Orioles offense crumbles in 5-0 loss to Athletics
The overall nature of a sleepy Sunday loss to the Oakland Athletics is a loss in 162 games. But in September, there’s added importance to every outing, even when a series win has already been won with wins on Friday and Saturday.
Especially when those outings come up against a team sitting firmly in the basement of their division.
Before the match, manager Brandon Hyde stressed how “today is hugely important, and I think everyone knows that”. He didn’t want his players anticipating the four-game series against the Toronto Blue Jays that begins Monday — a series fraught with playoff implications.
It’s unclear if that matchup with the Blue Jays — the team currently occupying the last wildcard spot in the American League — played on the Orioles’ minds. But the 5-0 loss to Athletics was lackluster enough to warrant a page-turner, even if it’s a missed opportunity to keep pace with Toronto.
“We’ve had this opportunity a few times lately, and we just can’t finish,” manager Brandon Hyde said. “I just have to bounce back, a big day tomorrow.”
The Blue Jays beat the Pirates on Sunday to close their series against a bottom dweller with a sweep. The Orioles missed that chance and now trail their division rival by 2½ games. Now Toronto arrives for a doubleheader on Monday that could narrow that gap to just half a game.
“We have high expectations for each other,” center fielder Cedric Mullins said. “At the same time, I don’t think we put pressure on each other, so I think that definitely helps us go out there and play our best.”
The quiet loss in the series finale came to right-hander Adrián Martínez, an Oakland rookie who had never worked as far in a game as Sunday when he went six innings against Baltimore.
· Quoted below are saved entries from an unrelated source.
(* Let $G=(V,E)$ be a graph and $v\in V$. Then $F_v=\emptyset$ if and only if $(e,e')\in\mathfrak d_v^*$ for all edges $e,e'\in E_v$. Moreover, if $F_v\neq\emptyset$, then $|F_v|\geq 2$.
   Context: All graphs are finite, simple and undirected. For a graph $G=(V,E)$ and $v\in V$, $E_v$ denotes the set of edges incident to $v$. For two distinct adjacent edges $e=(v,u)$, $f=(v,w)$, a square spanned by $e$ and $f$ is a $4$-cycle $v,u,x,w,v$ in $G$ with $x\notin\{v,u,w\}$; $x$ is its top vertex. The square is chordless if neither $(u,w)$ nor $(v,x)$ is an edge of $G$. In a chordless square $v,u,x,w$, the edge $(x,w)$ is the opposite edge of $(v,u)$ and $(x,u)$ is the opposite edge of $(v,w)$ (and vice versa). The relation $\delta(G)\subseteq E\times E$: $(e,f)\in\delta(G)$ iff (i) $e,f$ are distinct adjacent edges and it is not the case that $e$ and $f$ span exactly one square and that square is chordless; or (ii) $e$ and $f$ are opposite edges of a chordless square; or (iii) $e=f$. For a reflexive symmetric relation $R$ on a set, $R^*$ denotes its transitive closure, i.e. the finest equivalence relation containing $R$. Define $\mathfrak d_v=((E_v\times E)\cup(E\times E_v))\cap\delta(G)$, and $\mathfrak d_v^*$ the finest equivalence relation on $E$ containing $\mathfrak d_v$. Let $F_v\subseteq E\setminus E_v$ be the set of edges that are the edges not incident to $v$ of some chordless square spanned by two edges $e,e'\in E_v$ with $(e,e')\notin\mathfrak d_v^*$. *)

theory Defs
  imports Main
begin

definition graph :: "'a set \<Rightarrow> 'a set set \<Rightarrow> bool" where
  "graph V E \<longleftrightarrow> finite V \<and> (\<forall>e\<in>E. \<exists>u w. u \<noteq> w \<and> u \<in> V \<and> w \<in> V \<and> e = {u, w})"

definition inc_edges :: "'a set set \<Rightarrow> 'a \<Rightarrow> 'a set set" where
  "inc_edges E v = {e\<in>E. v \<in> e}"

definition sq_tops :: "'a set set \<Rightarrow> 'a set \<Rightarrow> 'a set \<Rightarrow> 'a set" where
  "sq_tops E e f = {x. \<exists>v u w. e = {v, u} \<and> f = {v, w} \<and> distinct [v, u, w] \<and>
      x \<notin> {v, u, w} \<and> {u, x} \<in> E \<and> {x, w} \<in> E}"

definition single_chordless :: "'a set set \<Rightarrow> 'a set \<Rightarrow> 'a set \<Rightarrow> bool" where
  "single_chordless E e f \<longleftrightarrow> (\<exists>v u w x. e = {v, u} \<and> f = {v, w} \<and> distinct [v, u, w] \<and>
      sq_tops E e f = {x} \<and> {u, w} \<notin> E \<and> {v, x} \<notin> E)"

definition opposite :: "'a set set \<Rightarrow> 'a set \<Rightarrow> 'a set \<Rightarrow> bool" where
  "opposite E e f \<longleftrightarrow> (\<exists>a b c d. distinct [a, b, c, d] \<and> e = {a, b} \<and> f = {c, d} \<and>
      {a, b} \<in> E \<and> {b, c} \<in> E \<and> {c, d} \<in> E \<and> {d, a} \<in> E \<and>
      {a, c} \<notin> E \<and> {b, d} \<notin> E)"

definition delta :: "'a set set \<Rightarrow> ('a set \<times> 'a set) set" where
  "delta E = {(e, f). e \<in> E \<and> f \<in> E \<and>
      ((e \<noteq> f \<and> e \<inter> f \<noteq> {} \<and> \<not> single_chordless E e f) \<or> opposite E e f \<or> e = f)}"

definition delta_v :: "'a set set \<Rightarrow> 'a \<Rightarrow> ('a set \<times> 'a set) set" where
  "delta_v E v = ((inc_edges E v \<times> E) \<union> (E \<times> inc_edges E v)) \<inter> delta E"

definition delta_v_star :: "'a set set \<Rightarrow> 'a \<Rightarrow> ('a set \<times> 'a set) set" where
  "delta_v_star E v = \<Inter>{R. equiv E R \<and> delta_v E v \<subseteq> R}"

definition F_v :: "'a set set \<Rightarrow> 'a \<Rightarrow> 'a set set" where
  "F_v E v = {g. \<exists>e e' u w x. e \<in> inc_edges E v \<and> e' \<in> inc_edges E v \<and>
      (e, e') \<notin> delta_v_star E v \<and>
      e = {v, u} \<and> e' = {v, w} \<and> distinct [v, u, w] \<and> x \<notin> {v, u, w} \<and>
      {u, x} \<in> E \<and> {x, w} \<in> E \<and> {u, w} \<notin> E \<and> {v, x} \<notin> E \<and>
      (g = {u, x} \<or> g = {x, w})}"

end

theory Submission
  imports Defs
begin

text \<open>If two edges at v are not \<open>\<delta>\<^sub>v\<^sup>*\<close>-related, they are in particular not \<open>\<delta>\<close>-related;
  being distinct and adjacent, they must span exactly one square, which is chordless. Its two
  edges not incident to v then lie in \<open>F\<^sub>v\<close>, and they are distinct, so \<open>F\<^sub>v\<close> is either empty
  or has at least two elements.\<close>

lemma distinct_doubletons_eq:
  assumes "distinct [v, u, w]" "distinct [v', u', w']"
    and "{v, u} = {v', u'}" "{v, w} = {v', w'}"
  shows "v = v' \<and> u = u' \<and> w = w'"
  using assms by (auto simp: doubleton_eq_iff)

lemma finite_edges: "graph V E \<Longrightarrow> finite E"
  unfolding graph_def by (metis (no_types, lifting) Pow_iff finite_Pow_iff finite_subset
      insert_subset empty_subsetI subsetI)

lemma inc_edgeE:
  assumes "graph V E" "e \<in> inc_edges E v"
  obtains u where "e = {v, u}" "u \<noteq> v"
proof -
  obtain a b where "a \<noteq> b" "e = {a, b}" "v \<in> e"
    using assms unfolding graph_def inc_edges_def by blast
  then show ?thesis
    using that by (metis insert_commute insertE singletonD)
qed

lemma delta_v_subset_delta_v_star: "delta_v E v \<subseteq> delta_v_star E v"
  unfolding delta_v_star_def by blast

lemma equiv_delta_v_star: "equiv E (delta_v_star E v)"
proof -
  have full: "E \<times> E \<in> {R. equiv E R \<and> delta_v E v \<subseteq> R}"
    by (auto simp: equiv_def refl_on_def sym_def trans_def delta_v_def delta_def)
  have "refl_on E (delta_v_star E v)" "delta_v_star E v \<subseteq> E \<times> E"
    using full unfolding delta_v_star_def refl_on_def equiv_def by blast+
  moreover have "sym (delta_v_star E v)" "trans (delta_v_star E v)"
    unfolding delta_v_star_def sym_def trans_def equiv_def by blast+
  ultimately show ?thesis by (simp add: equiv_def)
qed

lemma F_vI:
  assumes "{v, u} \<in> inc_edges E v" "{v, w} \<in> inc_edges E v"
    and "({v, u}, {v, w}) \<notin> delta_v_star E v" "distinct [v, u, w]" "x \<notin> {v, u, w}"
    and "{u, x} \<in> E" "{x, w} \<in> E" "{u, w} \<notin> E" "{v, x} \<notin> E"
  shows "{u, x} \<in> F_v E v" "{x, w} \<in> F_v E v"
  using assms unfolding F_v_def by blast+

lemma F_vE:
  assumes "g \<in> F_v E v"
  obtains u w x where "({v, u}, {v, w}) \<notin> delta_v_star E v"
    "{v, u} \<in> inc_edges E v" "{v, w} \<in> inc_edges E v" "distinct [v, u, w]" "x \<notin> {v, u, w}"
    "{u, x} \<in> E" "{x, w} \<in> E" "{u, w} \<notin> E" "{v, x} \<notin> E"
  using assms unfolding F_v_def by blast

lemma F_v_subset_edges: "F_v E v \<subseteq> E"
  unfolding F_v_def by auto

lemma single_chordless_square:
  assumes "single_chordless E {v, u} {v, w}" "distinct [v, u, w]"
  obtains x where "x \<notin> {v, u, w}" "{u, x} \<in> E" "{x, w} \<in> E" "{u, w} \<notin> E" "{v, x} \<notin> E"
proof -
  obtain v' u' w' x where sc: "{v, u} = {v', u'}" "{v, w} = {v', w'}" "distinct [v', u', w']"
      "sq_tops E {v, u} {v, w} = {x}" "{u', w'} \<notin> E" "{v', x} \<notin> E"
    using assms(1) unfolding single_chordless_def by blast
  then have "x \<in> sq_tops E {v, u} {v, w}" by simp
  then obtain v'' u'' w'' where sq: "{v, u} = {v'', u''}" "{v, w} = {v'', w''}"
      "distinct [v'', u'', w'']" "x \<notin> {v'', u'', w''}" "{u'', x} \<in> E" "{x, w''} \<in> E"
    unfolding sq_tops_def by blast
  have "v' = v \<and> u' = u \<and> w' = w"
    using distinct_doubletons_eq[OF assms(2) sc(3) sc(1,2)] by simp
  moreover have "v'' = v \<and> u'' = u \<and> w'' = w"
    using distinct_doubletons_eq[OF assms(2) sq(3) sq(1,2)] by simp
  ultimately show ?thesis
    using that[of x] sc(5,6) sq(4-6) by simp
qed

lemma single_chordless_if_not_delta_v_star:
  assumes "e \<in> inc_edges E v" "e' \<in> inc_edges E v" "(e, e') \<notin> delta_v_star E v"
  shows "e \<noteq> e'" "single_chordless E e e'"
proof -
  have "e \<in> E" using assms(1) by (simp add: inc_edges_def)
  then show "e \<noteq> e'"
    using assms(3) equiv_delta_v_star[of E v] by (auto simp: equiv_def dest: refl_onD)
  have adjacent: "e \<in> E" "e' \<in> E" "v \<in> e \<inter> e'"
    using assms(1,2) by (auto simp: inc_edges_def)
  have "(e, e') \<notin> delta_v E v"
    using assms(3) delta_v_subset_delta_v_star[of E v] by blast
  then show "single_chordless E e e'"
    using assms(1) adjacent \<open>e \<noteq> e'\<close> unfolding delta_v_def delta_def by blast
qed

lemma delta_v_star_if_F_v_empty:
  assumes "graph V E" "F_v E v = {}" "e \<in> inc_edges E v" "e' \<in> inc_edges E v"
  shows "(e, e') \<in> delta_v_star E v"
proof (rule ccontr)
  assume unrelated: "(e, e') \<notin> delta_v_star E v"
  obtain u w where uw: "e = {v, u}" "u \<noteq> v" "e' = {v, w}" "w \<noteq> v"
    using inc_edgeE[OF assms(1,3)] inc_edgeE[OF assms(1,4)] by metis
  have "e \<noteq> e'" "single_chordless E e e'"
    using single_chordless_if_not_delta_v_star[OF assms(3,4) unrelated] by blast+
  then have dist: "distinct [v, u, w]" using uw by auto
  obtain x where "x \<notin> {v, u, w}" "{u, x} \<in> E" "{x, w} \<in> E" "{u, w} \<notin> E" "{v, x} \<notin> E"
    using single_chordless_square[of E v u w] \<open>single_chordless E e e'\<close> uw(1,3) dist by blast
  then have "{u, x} \<in> F_v E v"
    using F_vI(1)[of v u E w x] assms(3,4) unrelated uw(1,3) dist by blast
  then show False using assms(2) by blast
qed

lemma card_F_v_ge_2:
  assumes "graph V E" "F_v E v \<noteq> {}"
  shows "card (F_v E v) \<ge> 2"
proof -
  obtain g where "g \<in> F_v E v" using assms(2) by blast
  then obtain u w x where sq: "({v, u}, {v, w}) \<notin> delta_v_star E v"
      "{v, u} \<in> inc_edges E v" "{v, w} \<in> inc_edges E v" "distinct [v, u, w]" "x \<notin> {v, u, w}"
      "{u, x} \<in> E" "{x, w} \<in> E" "{u, w} \<notin> E" "{v, x} \<notin> E"
    by (rule F_vE)
  have "{{u, x}, {x, w}} \<subseteq> F_v E v"
    using F_vI[OF sq(2,3,1,4-9)] by simp
  moreover have "card {{u, x}, {x, w}} = 2"
    using sq(4,5) by (auto simp: doubleton_eq_iff)
  moreover have "finite (F_v E v)"
    using finite_subset[OF F_v_subset_edges finite_edges[OF assms(1)]] .
  ultimately show ?thesis by (metis card_mono)
qed

theorem lemma3p1:
  fixes V :: "'a set" and E :: "'a set set" and v :: 'a
  assumes "graph V E" and "v \<in> V"
  shows "(F_v E v = {} \<longleftrightarrow> (\<forall>e\<in>inc_edges E v. \<forall>e'\<in>inc_edges E v. (e, e') \<in> delta_v_star E v))
         \<and> (F_v E v \<noteq> {} \<longrightarrow> card (F_v E v) \<ge> 2)"
proof (intro conjI impI iffI)
  show "F_v E v = {}" if "\<forall>e\<in>inc_edges E v. \<forall>e'\<in>inc_edges E v. (e, e') \<in> delta_v_star E v"
    using that unfolding F_v_def by blast
  show "\<forall>e\<in>inc_edges E v. \<forall>e'\<in>inc_edges E v. (e, e') \<in> delta_v_star E v" if "F_v E v = {}"
    using delta_v_star_if_F_v_empty[OF assms(1) that] by blast
  show "card (F_v E v) \<ge> 2" if "F_v E v \<noteq> {}"
    using card_F_v_ge_2[OF assms(1) that] .
qed

end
Martínez faced his toughest test in the first inning when a single from Adley Rutschman and a double from Anthony Santander put the runners in position to score with one out. But a ground ball to shortstop Sheldon Neuse led to a strikeout at home plate as Rutschman ran into contact.
Hyde said the decision to run in contact is situation by situation. “At worst,” he said, the Orioles still had runners at first and third with two outs. But Gunnar Henderson – who made two highlight plays at second base to assist starting pitcher Spenser Watkins – lined up to end the inning.
After Ramón Urías’ single to start the second, Martínez retired the next 10 batters he faced, relying on a lead-change mix to generate four strikeouts and soft contact. That streak ended with a walk by Jorge Mateo with two outs in the sixth inning, and despite Mateo’s stolen 30th base leading the American League, Martínez closed his outing by bringing out catcher Robinson Chirinos. Martínez allowed three hits and walked two in six scoreless innings.
“The offense was starting out really strong,” Mullins said. “We just couldn’t take advantage of it. After that, it looked like he had somehow settled down and was able to keep us at bay.
Meanwhile, Watkins struggled to his second straight start. On Tuesday in Cleveland, Watkins allowed five runs — his most since returning from the injured list in June — in 4 2/3 innings. In those 11 appearances, he allowed two runs or less in seven of them.
But Watkins allowed four runs in six innings on Sunday. And while this outing wasn’t one to bury an offense, it did turn that way. After Martínez allowed a single from Urías in the second, Baltimore hit five more base runners the rest of the game. Two entered in the ninth, with Anthony Santander on single and Urías walking before southpaw AJ Puk closed the door.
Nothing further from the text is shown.